There are many challenges in handling this “next generation” of sequence data, from the highly fragmented nature of the shorter reads generated by the new technologies, to storage, analysis, and computational requirements for such large data volumes. The new technologies typically create large direct storage costs as a result of the imaging data that require post-sequencing processing and analysis. These storage costs have sometimes exceeded reagent costs. However, this large excess storage requirement is primarily for “unprocessed” data and large-scale facilities have streamlined their pipelines to discard images at the earliest possible stage and use standard compression methods for the “processed” data in order to reduce storage requirements and associated costs. For example, the Sequence Read Archive (SRA) (Shumway, Cochrane, and Sugawara, 2010), run by the INSDC partners (http://www.insdc.org) as a raw data repository for data from new sequencing platforms, has adopted more efficient compression routines to deliver a final on-disk footprint some 200- to 500-fold reduced relative to that of raw image-containing sequence data.

However, the absolute data volume, whether stored near to the sequencing machines or compressed in archives, is of less concern than the consistent growth in sequencing capacity. Prior to 2005 the rate of increase in sequencing capacity (doubling time around 18 mo) was close to the rate of increase in disk storage capacity (doubling time between 18 and 24 mo) on a per unit cost basis. This meant that, even with conservative engineering techniques, stable budgeting allowed production sequencing facilities and archival databases to match the increase in sequencing rate with the required storage hardware. The drop in sequencing capacity doubling time without a concomitant decrease in storage costs means either that there must be a progressive reduction in the fraction of sequence data that are stored data or, alternatively, a progressive increase in storage budgets. The latter seems an unattractive and unlikely solution.
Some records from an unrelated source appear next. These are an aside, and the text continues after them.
lemma uniform_limit_difference_quotient:
  fixes z :: "real \<Rightarrow> 'c::real_normed_vector"
  assumes deriv: "\<And>r. a \<le> r \<Longrightarrow> (z has_vector_derivative z' r) (at r within {a..})"
    and cont: "continuous_on {a..} z'"
    and h: "filterlim h (at_right 0) F"
  shows "uniform_limit {a..b} (\<lambda>n. diff_quot z (h n)) z' F"
  unfolding diff_quot_def
proof (rule uniform_limitI)
  fix \<epsilon> :: real assume "0 < \<epsilon>"
  have "uniformly_continuous_on {a..b+1} z'"
    by (rule compact_uniformly_continuous[OF continuous_on_subset[OF cont]]) auto
  then obtain \<delta> where "0 < \<delta>"
    and \<delta>: "\<And>r r'. r \<in> {a..b+1} \<Longrightarrow> r' \<in> {a..b+1} \<Longrightarrow> dist r' r < \<delta> \<Longrightarrow> dist (z' r') (z' r) < \<epsilon>/2"
    using \<open>0 < \<epsilon>\<close> unfolding uniformly_continuous_on_def by (metis half_gt_zero)
  have "eventually (\<lambda>y. y \<in> {0<..<min \<delta> 1}) (at_right (0::real))"
    using \<open>0 < \<delta>\<close> by (auto simp: eventually_at_right_field intro!: exI[of _ "min \<delta> 1"])
  then have "\<forall>\<^sub>F n in F. h n \<in> {0<..<min \<delta> 1}"
    using h unfolding filterlim_iff by blast
  then show "\<forall>\<^sub>F n in F. \<forall>r\<in>{a..b}. dist ((z (r + h n) - z r) /\<^sub>R h n) (z' r) < \<epsilon>"
  proof eventually_elim
    case (elim n)
    show ?case
    proof
      fix r assume r: "r \<in> {a..b}"
      have "norm (z (r + h n) - z r - (r + h n - r) *\<^sub>R z' r) \<le> norm (r + h n - r) * (\<epsilon>/2)"
      proof (rule vector_differentiable_bound_linearization[where S="{r..r + h n}" and ?x0.0=r])
        fix r' assume r': "r' \<in> {r..r + h n}"
        show "(z has_vector_derivative z' r') (at r' within {r..r + h n})"
          by (rule has_vector_derivative_within_subset[OF deriv]) (use r r' in auto)
        show "norm (z' r' - z' r) \<le> \<epsilon>/2"
          using \<delta>[of r r'] r r' elim by (auto simp: dist_norm dist_real_def)
      qed (use elim in \<open>auto simp: closed_segment_eq_real_ivl\<close>)
      then have "norm (z (r + h n) - z r - h n *\<^sub>R z' r) \<le> h n * (\<epsilon>/2)"
        using elim by simp
      then have "norm ((z (r + h n) - z r - h n *\<^sub>R z' r) /\<^sub>R h n) \<le> \<epsilon>/2"
        using elim by (simp add: divide_simps mult.commute)
      moreover have "(z (r + h n) - z r) /\<^sub>R h n - z' r = (z (r + h n) - z r - h n *\<^sub>R z' r) /\<^sub>R h n"
        using elim by (simp add: algebra_simps)
      ultimately show "dist ((z (r + h n) - z r) /\<^sub>R h n) (z' r) < \<epsilon>"
        using \<open>0 < \<epsilon>\<close> by (simp only: dist_norm)
    qed
  qed
qed

lemma has_vector_derivative_inner_self:
  fixes w :: "real \<Rightarrow> 'c::real_inner"
  assumes "(w has_vector_derivative w') (at t within S)"
  shows "((\<lambda>r. inner (w r) (w r)) has_vector_derivative 2 * inner w' (w t)) (at t within S)"
proof -
  have "((\<lambda>r. inner (w r) (w r)) has_derivative
      (\<lambda>h. inner (w t) (h *\<^sub>R w') + inner (h *\<^sub>R w') (w t))) (at t within S)"
    using assms unfolding has_vector_derivative_def by (intro has_derivative_inner)
  moreover have "(\<lambda>h. inner (w t) (h *\<^sub>R w') + inner (h *\<^sub>R w') (w t)) = (\<lambda>h. h *\<^sub>R (2 * inner w' (w t)))"
    by (auto simp: inner_commute algebra_simps)
  ultimately show ?thesis unfolding has_vector_derivative_def by simp
qed

lemma has_vector_derivative_forward_difference:
  fixes z :: "real \<Rightarrow> 'c::real_normed_vector"
  assumes deriv: "\<And>r. a \<le> r \<Longrightarrow> (z has_vector_derivative z' r) (at r within {a..})"
    and "a \<le> s" "0 \<le> k" "r \<in> {s..t}"
  shows "((\<lambda>r. z (r + k) - z r) has_vector_derivative z' (r + k) - z' r) (at r within {s..t})"
proof -
  have "((\<lambda>r. r + k) has_vector_derivative 1) (at r within {s..t})"
    by (auto intro!: derivative_eq_intros)
  moreover have "(z has_vector_derivative z' (r + k)) (at (r + k) within (\<lambda>r. r + k) ` {s..t})"
    by (rule has_vector_derivative_within_subset[OF deriv]) (use assms in auto)
  ultimately have "((z \<circ> (\<lambda>r. r + k)) has_vector_derivative 1 *\<^sub>R z' (r + k)) (at r within {s..t})"
    by (rule vector_diff_chain_within)
  then have "((\<lambda>r. z (r + k)) has_vector_derivative z' (r + k)) (at r within {s..t})"
    by (simp add: o_def)
  moreover have "(z has_vector_derivative z' r) (at r within {s..t})"
    by (rule has_vector_derivative_within_subset[OF deriv]) (use assms in auto)
  ultimately show ?thesis by (rule has_vector_derivative_diff)
qed

lemma continuous_on_diff_quot:
  assumes "continuous_on {a..} z" "0 \<le> k" "a \<le> s"
  shows "continuous_on {s..t} (diff_quot z k)"
  unfolding diff_quot_def
  by (intro continuous_intros continuous_on_compose2[OF assms(1)] continuous_on_subset[OF assms(1)])
    (use assms in auto)

text \<open>The velocity z' is only continuous, so the energy estimate is first proved for the
  difference quotients of z, whose squared norm can be differentiated, and then passed to the
  limit.\<close>

lemma diff_quot_energy_le:
  fixes z :: "real \<Rightarrow> 'c::real_inner" and e :: "real \<Rightarrow> real"
  assumes z_deriv: "\<And>r. a \<le> r \<Longrightarrow> (z has_vector_derivative z' r) (at r within {a..})"
    and e_cont: "continuous_on {a..} e"
    and one_sided_bound: "\<And>r u. a \<le> r \<Longrightarrow> a \<le> u \<Longrightarrow> inner (z' u - z' r) (z u - z r)
      \<le> - e r * norm (z u - z r)^2 + C * \<bar>e u - e r\<bar> * norm (z u - z r)"
    and "a \<le> s" "s \<le> t" "0 < k"
  shows "norm (diff_quot z k t)^2 - norm (diff_quot z k s)^2
    \<le> integral {s..t} (\<lambda>r. -2 * e r * norm (diff_quot z k r)^2
                            + 2 * C * \<bar>diff_quot e k r\<bar> * norm (diff_quot z k r))"
    (is "_ \<le> integral _ ?F")
proof -
  define w where "w r = z (r + k) - z r" for r
  have z_cont: "continuous_on {a..} z"
    using z_deriv by (intro continuous_on_vector_derivative) auto
  have norm_quot: "norm (diff_quot z k r) = norm (w r) / k" for r
    using \<open>0 < k\<close> by (simp add: diff_quot_def w_def divide_inverse_commute)
  have abs_quot: "\<bar>diff_quot e k r\<bar> = \<bar>e (r + k) - e r\<bar> / k" for r
    using \<open>0 < k\<close> by (simp add: diff_quot_def abs_mult divide_inverse_commute)
  have "((\<lambda>r. 2 * inner (z' (r + k) - z' r) (w r)) has_integral
      norm (w t)^2 - norm (w s)^2) {s..t}"
    unfolding w_def power2_norm_eq_inner using assms
    by (intro fundamental_theorem_of_calculus has_vector_derivative_inner_self
        has_vector_derivative_forward_difference[OF z_deriv]) auto
  moreover have "((\<lambda>r. k^2 * ?F r) has_integral k^2 * integral {s..t} ?F) {s..t}"
    using assms z_cont e_cont
    by (intro has_integral_mult_right integrable_integral integrable_continuous_interval
        continuous_intros continuous_on_diff_quot) (auto intro: continuous_on_subset[OF e_cont])
  moreover have "2 * inner (z' (r + k) - z' r) (w r) \<le> k^2 * ?F r" if "r \<in> {s..t}" for r
  proof -
    have "2 * inner (z' (r + k) - z' r) (w r) \<le> 2 * (- e r * norm (w r)^2 + C * \<bar>e (r + k) - e r\<bar> * norm (w r))"
      unfolding w_def using one_sided_bound[of r "r + k"] that \<open>a \<le> s\<close> \<open>0 < k\<close> by simp
    also have "\<dots> = k^2 * ?F r"
      unfolding norm_quot abs_quot using \<open>0 < k\<close> by (simp add: field_simps power2_eq_square)
    finally show ?thesis .
  qed
  ultimately have "norm (w t)^2 - norm (w s)^2 \<le> k^2 * integral {s..t} ?F"
    by (rule has_integral_le)
  then have "(norm (w t)^2 - norm (w s)^2) / k^2 \<le> integral {s..t} ?F"
    using \<open>0 < k\<close> by (simp add: pos_divide_le_eq mult.commute del: times_divide_eq_left)
  then show ?thesis
    by (simp add: norm_quot power_divide diff_divide_distrib)
qed

lemma tendsto_integral_diff_quot_energy:
  fixes z :: "real \<Rightarrow> 'c::real_inner" and e :: "real \<Rightarrow> real"
  assumes z_deriv: "\<And>r. a \<le> r \<Longrightarrow> (z has_vector_derivative z' r) (at r within {a..})"
    and z'_cont: "continuous_on {a..} z'"
    and e_deriv: "\<And>r. a \<le> r \<Longrightarrow> (e has_vector_derivative e' r) (at r within {a..})"
    and e'_cont: "continuous_on {a..} e'"
    and k: "filterlim k (at_right 0) sequentially" "\<And>n. 0 \<le> k n"
    and "a \<le> s"
  shows "(\<lambda>n. integral {s..t} (\<lambda>r. -2 * e r * norm (diff_quot z (k n) r)^2
                                  + 2 * C * \<bar>diff_quot e (k n) r\<bar> * norm (diff_quot z (k n) r)))
    \<longlonglongrightarrow> integral {s..t} (\<lambda>r. -2 * e r * norm (z' r)^2 + 2 * C * \<bar>e' r\<bar> * norm (z' r))"
proof -
  have z_cont: "continuous_on {a..} z" and e_cont: "continuous_on {a..} e"
    using z_deriv e_deriv by (auto intro: continuous_on_vector_derivative)
  have sub: "{s..t} \<subseteq> {a..t}"
    using \<open>a \<le> s\<close> by auto
  have uz: "uniform_limit {s..t} (\<lambda>n. diff_quot z (k n)) z' sequentially"
    by (rule uniform_limit_on_subset[OF uniform_limit_difference_quotient[OF z_deriv z'_cont k(1)] sub])
  have ue: "uniform_limit {s..t} (\<lambda>n. diff_quot e (k n)) e' sequentially"
    by (rule uniform_limit_on_subset[OF uniform_limit_difference_quotient[OF e_deriv e'_cont k(1)] sub])
  have bdd: "bounded (g ` {s..t})" if "continuous_on {a..} g" for g :: "real \<Rightarrow> real"
    using \<open>a \<le> s\<close>
    by (intro compact_imp_bounded compact_continuous_image continuous_on_subset[OF that]) auto
  have "uniform_limit {s..t}
      (\<lambda>n r. -2 * e r * norm (diff_quot z (k n) r)^2
              + 2 * C * \<bar>diff_quot e (k n) r\<bar> * norm (diff_quot z (k n) r))
      (\<lambda>r. -2 * e r * norm (z' r)^2 + 2 * C * \<bar>e' r\<bar> * norm (z' r)) sequentially"
    (is "uniform_limit _ ?f ?g _")
    unfolding power2_eq_square real_norm_def[symmetric]
    by (intro uniform_limit_intros uz ue bdd continuous_intros e_cont z'_cont e'_cont)
  moreover have "continuous_on {s..t} (?f n)" for n
    using \<open>a \<le> s\<close> k(2)
    by (intro continuous_intros continuous_on_diff_quot z_cont e_cont continuous_on_subset[OF e_cont])
      (auto intro: z_cont)
  ultimately obtain I J where I: "\<And>n. (?f n has_integral I n) {s..t}"
    and J: "(?g has_integral J) {s..t}" and "I \<longlonglongrightarrow> J"
    by (rule uniform_limit_integral) auto
  then show ?thesis
    using integral_unique[OF I] integral_unique[OF J] by simp
qed

lemma derivative_energy_le:
  fixes z :: "real \<Rightarrow> 'c::real_inner" and e :: "real \<Rightarrow> real"
  assumes z_deriv: "\<And>r. a \<le> r \<Longrightarrow> (z has_vector_derivative z' r) (at r within {a..})"
    and z'_cont: "continuous_on {a..} z'"
    and e_deriv: "\<And>r. a \<le> r \<Longrightarrow> (e has_real_derivative e' r) (at r within {a..})"
    and e'_cont: "continuous_on {a..} e'"
    and one_sided_bound: "\<And>r u. a \<le> r \<Longrightarrow> a \<le> u \<Longrightarrow> inner (z' u - z' r) (z u - z r)
      \<le> - e r * norm (z u - z r)^2 + C * \<bar>e u - e r\<bar> * norm (z u - z r)"
    and "a \<le> s" "s \<le> t"
  shows "norm (z' t)^2 - norm (z' s)^2
    \<le> integral {s..t} (\<lambda>r. -2 * e r * norm (z' r)^2 + 2 * C * \<bar>e' r\<bar> * norm (z' r))"
proof -
  define k where "k n = inverse (real n)" for n :: nat
  have e_vderiv: "\<And>r. a \<le> r \<Longrightarrow> (e has_vector_derivative e' r) (at r within {a..})"
    using e_deriv by (simp add: has_real_derivative_iff_has_vector_derivative)
  have k: "filterlim k (at_right 0) sequentially"
    unfolding k_def by (rule filterlim_compose[OF filterlim_inverse_at_right_top filterlim_real_sequentially])
  have e_cont: "continuous_on {a..} e"
    by (rule DERIV_continuous_on[OF e_deriv]) simp
  have "(\<lambda>n. norm (diff_quot z (k n) t)^2 - norm (diff_quot z (k n) s)^2)
      \<longlonglongrightarrow> norm (z' t)^2 - norm (z' s)^2"
    using \<open>a \<le> s\<close> \<open>s \<le> t\<close>
    by (intro tendsto_intros tendsto_uniform_limitI[OF uniform_limit_difference_quotient[OF z_deriv z'_cont k]])
      auto
  moreover have "(\<lambda>n. integral {s..t} (\<lambda>r. -2 * e r * norm (diff_quot z (k n) r)^2
                                  + 2 * C * \<bar>diff_quot e (k n) r\<bar> * norm (diff_quot z (k n) r)))
    \<longlonglongrightarrow> integral {s..t} (\<lambda>r. -2 * e r * norm (z' r)^2 + 2 * C * \<bar>e' r\<bar> * norm (z' r))"
    using \<open>a \<le> s\<close>
    by (intro tendsto_integral_diff_quot_energy[OF z_deriv z'_cont e_vderiv e'_cont k]) (auto simp: k_def)
  moreover have "\<exists>N. \<forall>n\<ge>N. norm (diff_quot z (k n) t)^2 - norm (diff_quot z (k n) s)^2
      \<le> integral {s..t} (\<lambda>r. -2 * e r * norm (diff_quot z (k n) r)^2
                                + 2 * C * \<bar>diff_quot e (k n) r\<bar> * norm (diff_quot z (k n) r))"
    using diff_quot_energy_le[OF z_deriv e_cont one_sided_bound \<open>a \<le> s\<close> \<open>s \<le> t\<close>]
    by (auto simp: k_def intro!: exI[of _ 1])
  ultimately show ?thesis
    by (rule LIMSEQ_le)
qed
A number of scientific projects and activities have similar “large data” components, albeit with differing parameters and doubling times. One such high-profile project is the Large Hadron Collider (LHC) at CERN, which will generate an estimated 15 petabytes of data per year when fully active (http://public.web.cern.ch/public/en/LHC/Computing-en.html). LHC scientists are concerned only with a very small subset of “interesting” events recorded against an overwhelming backdrop of unimportant physical events. By processing the LHC data stream in real-time and discarding all uninteresting measurements as noise, vastly reduced data volumes can be achieved for long-term storage. Medical and scientific image processing provide a different large-data set processing example. In many fields, images, and in particular video images, can be collected in almost unlimited quantities, and the application of selective data compression, sensitive to scientific decisions about the value of data components, is essential. A key concept in the compression of images is “controlled loss of precision” in which different compression routines lose precision of the image appropriate for the desired reuse.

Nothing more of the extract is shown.